Unemployment can affect your client’s ability to purchase a home now and for a few years into the future, so it pays to know how to guide potential buyers who have recently experienced job loss. With the coronavirus pandemic, you may have several clients who have had to put their dreams of being a homeowner on hold, at least for the time being. But, if you are prepared with sound advice, these potential buyers may come to you first for assistance when they are financially ready.
We are currently seeing high unemployment rates in many industries, numbers not witnessed since the Great Depression. This causes worry and disappointment for many people who have long prepared for the joy of home ownership. Many Americans have been laid off or furloughed, and others see signs in their industry that the same fate may be coming for them.
With the financial future of people all across the country turned upside down, the status of ‘jobless’ is likely to hit one or more of your clients. So, how do you console and coach your would-be buyers? What can you tell them to offer reassurance that their plans will not be shuttered forever?
Here’s how to help your clients navigate unemployment and homeownership.
Can Your Clients Buy a Home While on Unemployment?
Whether your clients have recently lost their job or have been unemployed for a while, the unfortunate fact is that their chances of getting a mortgage are slim. Lenders may still lend if one spouse has a substantial income and can carry the loan alone, but this is certainly not a guarantee.
Of course, some real estate professionals work with cash buyers and these types of clients will not see many hurdles. But, any clients who are receiving unemployment checks, or who have recently exhausted their unemployment claims and are still jobless, will probably be turned away for a loan. Even potential buyers who have recently gone back to work after unemployment should expect to be turned down for a mortgage.
Unemployment insurance benefits are considered temporary income and this income will not qualify toward a mortgage. Unemployment may also have a negative effect on homeowners who want to buy a home within the next two years, since two years of tax returns with qualifying income is required for most conventional loans.
The good news is, though, that once your clients have resumed their old line of work or have found a new job, they can begin building toward that streak of employment stability that mortgage lenders want to see.
How Long Will Your Clients Have to Wait to Buy After Unemployment?
In addition to mortgage lenders’ requirement of one to two years of steady income, they also want to see strong credit scores.

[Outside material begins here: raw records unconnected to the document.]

(* Let $G = (V,E)$ be an $n$-vertex graph. There exists a partition $V = V_1 \cup \ldots \cup V_t$ of $V$ such that: (i) $t \leq 19\,\alpha(G) \log n$; (ii) $\sum_{i \in J} |V_i| \geq n/2$, where $J := \{i \in [t] : |V_i| \geq 0.1\, n/\alpha(G)\}$; (iii) $|V_i| \geq \delta(G)/\log n$ for every $i \in [t]$; (iv) $\kappa(G[V_i]) \geq \frac{\delta(G)}{20\,\alpha(G) \log n}$ for every $i \in [t]$.
   Context: $\alpha(G)$ is the independence number, $\delta(G)$ the minimum degree, and $\kappa(H)$ the vertex connectivity of a graph $H$ (the smallest size of a vertex set whose removal disconnects $H$ or leaves a single vertex). $G[V_i]$ is the induced subgraph. *)

theory Defs
  imports Complex_Main
begin

definition simple_graph :: "'a set \<Rightarrow> ('a \<Rightarrow> 'a \<Rightarrow> bool) \<Rightarrow> bool" where
  "simple_graph V E \<longleftrightarrow> finite V \<and> (\<forall>u v. E u v \<longrightarrow> E v u) \<and> (\<forall>v. \<not> E v v)
     \<and> (\<forall>u v. E u v \<longrightarrow> u \<in> V \<and> v \<in> V)"

definition independent_set :: "'a set \<Rightarrow> ('a \<Rightarrow> 'a \<Rightarrow> bool) \<Rightarrow> 'a set \<Rightarrow> bool" where
  "independent_set V E I \<longleftrightarrow> I \<subseteq> V \<and> (\<forall>u\<in>I. \<forall>v\<in>I. \<not> E u v)"

definition indep_num :: "'a set \<Rightarrow> ('a \<Rightarrow> 'a \<Rightarrow> bool) \<Rightarrow> nat" where
  "indep_num V E = Max {card I | I. independent_set V E I}"

definition degree :: "'a set \<Rightarrow> ('a \<Rightarrow> 'a \<Rightarrow> bool) \<Rightarrow> 'a \<Rightarrow> nat" where
  "degree V E v = card {u \<in> V. E v u}"

definition min_degree :: "'a set \<Rightarrow> ('a \<Rightarrow> 'a \<Rightarrow> bool) \<Rightarrow> nat" where
  "min_degree V E = Min (degree V E ` V)"

definition connected_on :: "'a set \<Rightarrow> ('a \<Rightarrow> 'a \<Rightarrow> bool) \<Rightarrow> bool" where
  "connected_on S E \<longleftrightarrow>
     (\<forall>u\<in>S. \<forall>v\<in>S. (\<lambda>x y. x \<in> S \<and> y \<in> S \<and> E x y)\<^sup>*\<^sup>* u v)"

definition vertex_connectivity :: "'a set \<Rightarrow> ('a \<Rightarrow> 'a \<Rightarrow> bool) \<Rightarrow> nat" where
  "vertex_connectivity S E =
     Min {card X | X. X \<subseteq> S \<and> (\<not> connected_on (S - X) E \<or> card (S - X) = 1)}"

end

(*
  Start from the single part V and cut repeatedly: whenever some part W has a set X with
  |X| < k whose removal disconnects W, move X to a remainder R and replace W by the two sides
  of the cut. The parts stay pairwise non-adjacent, so one vertex from each part gives an
  independent set; hence there are at most alpha parts, the process stops, and fewer than
  alpha k vertices are ever removed. If alpha k <= delta, a cut can never leave a single vertex
  of W, as all its neighbours would lie in X and R. At the end every part is k-connected, and
  if 2 alpha k <= delta every removed vertex has k neighbours in some part, to which it can be
  added without destroying k-connectivity.
  With k = delta / (20 alpha log n) this yields at most alpha parts, each of size at least
  delta + 1 - delta / (20 log n) >= delta / log n, and the parts with fewer than
  n / (10 alpha) vertices cover at most n / 10 vertices.
*)
theory Submission
  imports Defs "HOL-Library.Disjoint_Sets" "HOL-Analysis.Harmonic_Numbers"
begin

definition k_connected :: "'a set \<Rightarrow> ('a \<Rightarrow> 'a \<Rightarrow> bool) \<Rightarrow> real \<Rightarrow> bool" where
  "k_connected S E k \<longleftrightarrow>
     (\<forall>X\<subseteq>S. real (card X) < k \<longrightarrow> connected_on (S - X) E \<and> card (S - X) \<noteq> 1)"

lemma k_connected_imp_vertex_connectivity_ge:
  assumes "finite S" "S \<noteq> {}" "k_connected S E k"
  shows "k \<le> real (vertex_connectivity S E)"
proof -
  let ?M = "{card X | X. X \<subseteq> S \<and> (\<not> connected_on (S - X) E \<or> card (S - X) = 1)}"
  obtain v where "v \<in> S" using assms(2) by blast
  then have "card (S - (S - {v})) = 1" by (simp add: Diff_Diff_Int)
  then have "card (S - {v}) \<in> ?M" by blast
  moreover have "finite ?M"
    by (rule finite_subset[of _ "card ` Pow S"]) (use assms(1) in auto)
  ultimately have "Min ?M \<in> ?M" using Min_in by blast
  then obtain X where X: "X \<subseteq> S" "\<not> connected_on (S - X) E \<or> card (S - X) = 1"
    and vc: "vertex_connectivity S E = card X"
    unfolding vertex_connectivity_def by auto
  have "\<not> real (card X) < k" using assms(3) X unfolding k_connected_def by blast
  then show ?thesis using vc by simp
qed

lemma connected_on_insert:
  assumes conn: "connected_on S E" and "u \<in> S" "E v u" "symp E"
  shows "connected_on (insert v S) E"
proof -
  let ?R = "\<lambda>x y. x \<in> insert v S \<and> y \<in> insert v S \<and> E x y"
  have lift: "?R\<^sup>*\<^sup>* a b" if "a \<in> S" "b \<in> S" for a b
  proof -
    have "(\<lambda>x y. x \<in> S \<and> y \<in> S \<and> E x y)\<^sup>*\<^sup>* a b"
      using conn that unfolding connected_on_def by blast
    then show ?thesis by (rule rtranclp_mono[THEN predicate2D, rotated]) auto
  qed
  have "?R v u" "?R u v" using assms(2-4) by (auto dest: sympD)
  then have via_u: "?R\<^sup>*\<^sup>* a u \<and> ?R\<^sup>*\<^sup>* u a" if "a \<in> insert v S" for a
    using that lift[of a u] lift[of u a] \<open>u \<in> S\<close> by auto
  show ?thesis
    unfolding connected_on_def
  proof (intro ballI)
    fix a b assume "a \<in> insert v S" "b \<in> insert v S"
    then show "?R\<^sup>*\<^sup>* a b" using via_u rtranclp_trans[of ?R a u b] by blast
  qed
qed

lemma not_connected_onE:
  assumes "\<not> connected_on S E"
  obtains A B where "A \<noteq> {}" "B \<noteq> {}" "A \<union> B = S" "A \<inter> B = {}" "\<forall>a\<in>A. \<forall>b\<in>B. \<not> E a b"
proof -
  let ?R = "\<lambda>x y. x \<in> S \<and> y \<in> S \<and> E x y"
  obtain u v where uv: "u \<in> S" "v \<in> S" "\<not> ?R\<^sup>*\<^sup>* u v"
    using assms unfolding connected_on_def by blast
  define A where "A = {w\<in>S. ?R\<^sup>*\<^sup>* u w}"
  have "\<not> E a b" if "a \<in> A" "b \<in> S - A" for a b
    using that rtranclp.rtrancl_into_rtrancl[of ?R u a b] unfolding A_def by auto
  moreover have "u \<in> A" "v \<in> S - A" "A \<subseteq> S" using uv unfolding A_def by auto
  ultimately show ?thesis using that[of A "S - A"] by blast
qed

lemma k_connected_insert:
  assumes "k_connected H E k" "finite H" "v \<notin> H" "symp E"
    and "k \<le> real (card {u\<in>H. E v u})"
  shows "k_connected (insert v H) E k"
  unfolding k_connected_def
proof (intro allI impI)
  fix X assume X: "X \<subseteq> insert v H" "real (card X) < k"
  show "connected_on (insert v H - X) E \<and> card (insert v H - X) \<noteq> 1"
  proof (cases "v \<in> X")
    case True
    have "X - {v} \<subseteq> H" using X(1) by blast
    moreover have "real (card (X - {v})) < k" using X(2) card_Diff1_le[of X v] by linarith
    ultimately have "connected_on (H - (X - {v})) E \<and> card (H - (X - {v})) \<noteq> 1"
      using assms(1) unfolding k_connected_def by blast
    moreover have "insert v H - X = H - (X - {v})" using True assms(3) by auto
    ultimately show ?thesis by simp
  next
    case False
    then have "X \<subseteq> H" using X(1) by auto
    then have conn: "connected_on (H - X) E" and "card (H - X) \<noteq> 1"
      using assms(1) X(2) unfolding k_connected_def by auto
    have "\<not> {u\<in>H. E v u} \<subseteq> X"
    proof
      assume "{u\<in>H. E v u} \<subseteq> X"
      then have "card {u\<in>H. E v u} \<le> card X"
        by (rule card_mono[OF finite_subset[OF \<open>X \<subseteq> H\<close> assms(2)]])
      then show False using X(2) assms(5) by linarith
    qed
    then obtain u where u: "u \<in> H - X" "E v u" by auto
    have "card (insert v (H - X)) = Suc (card (H - X))"
      using assms(2,3) by (simp add: card_insert_disjoint)
    moreover have "card (H - X) \<noteq> 0" using u(1) assms(2) by auto
    moreover have "insert v H - X = insert v (H - X)" using False by auto
    ultimately show ?thesis using connected_on_insert[OF conn u assms(4)] by simp
  qed
qed

lemma k_connected_Un:
  assumes "k_connected W E k" "finite W" "finite S" "S \<inter> W = {}" "symp E"
    and "\<And>s. s \<in> S \<Longrightarrow> k \<le> real (card {u\<in>W. E s u})"
  shows "k_connected (W \<union> S) E k"
  using assms(3,4,6)
proof (induction S rule: finite_induct)
  case empty
  then show ?case using assms(1) by simp
next
  case (insert s S)
  have "card {u\<in>W. E s u} \<le> card {u\<in>W \<union> S. E s u}"
    using insert(1) assms(2) by (intro card_mono) auto
  then have "k \<le> real (card {u\<in>W \<union> S. E s u})" using insert(5)[of s] by simp
  moreover have "k_connected (W \<union> S) E k" using insert by auto
  ultimately have "k_connected (insert s (W \<union> S)) E k"
    using insert(1,2,4) assms(2,5) by (intro k_connected_insert) auto
  then show ?case by simp
qed

lemma simple_graph_symp: "simple_graph V E \<Longrightarrow> symp E"
  unfolding simple_graph_def by (auto intro: sympI)

lemma card_le_indep_num:
  assumes "simple_graph V E" "independent_set V E I"
  shows "card I \<le> indep_num V E"
proof -
  have "{card I | I. independent_set V E I} \<subseteq> card ` Pow V"
    unfolding independent_set_def by auto
  moreover have "finite V" using assms(1) unfolding simple_graph_def by simp
  ultimately have "finite {card I | I. independent_set V E I}"
    by (meson finite_Pow_iff finite_imageI finite_subset)
  then show ?thesis unfolding indep_num_def using assms(2) by (auto intro: Max_ge)
qed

Some of your recently unemployed clients may have found that they now have trouble paying their bills, which has in turn wreaked havoc on their credit scores.
In some parts of the country, there have been or currently are moratoriums on credit reporting as it relates to the coronavirus pandemic. This gives potential homebuyers the opportunity to work with creditors so that their credit scores do not suffer due to past-due debts. However, any leniencies toward missed payments will surely disappear one day. This means that continued debt trouble is probably going to affect your clients’ ability to purchase a house for several years.
Many people who get behind on their bills, or heavily use credit cards to pay for everyday expenses during unemployment, may also see their debt-to-income ratio rise. This too could hamper any chance of qualifying for a mortgage in the short term.
If you can advise your clients to not take on too much debt during unemployment, as difficult as that may be, you will do them a great service on their home-buying journey. Talk to your buyers about cutting out discretionary spending for the next year or two. And, stress how important it is to keep current on bills.
What Advice Can you Give on Handling Current Finances?
While unemployed, your clients should try to at least pay the minimum payments on all of their loans and other debts. If they are having trouble keeping current on rent or mortgage payments, they need to contact their landlord or mortgage holder and ask for a payment plan or deferment.
Some debt, like student loans, may be put into forbearance. Auto payments, utility bills and insurance premiums might be able to be adjusted in order to relieve monthly debt and save credit scores.
It is completely possible to rebound from unemployment and purchase a dream home, but the solutions to future homeownership will take time. As a real estate professional, it is your job to reassure your clients and let them know that their current setback is not the end of the world. Let them know that they have options to get back on track, and when they do, you will continue to be there to offer assistance.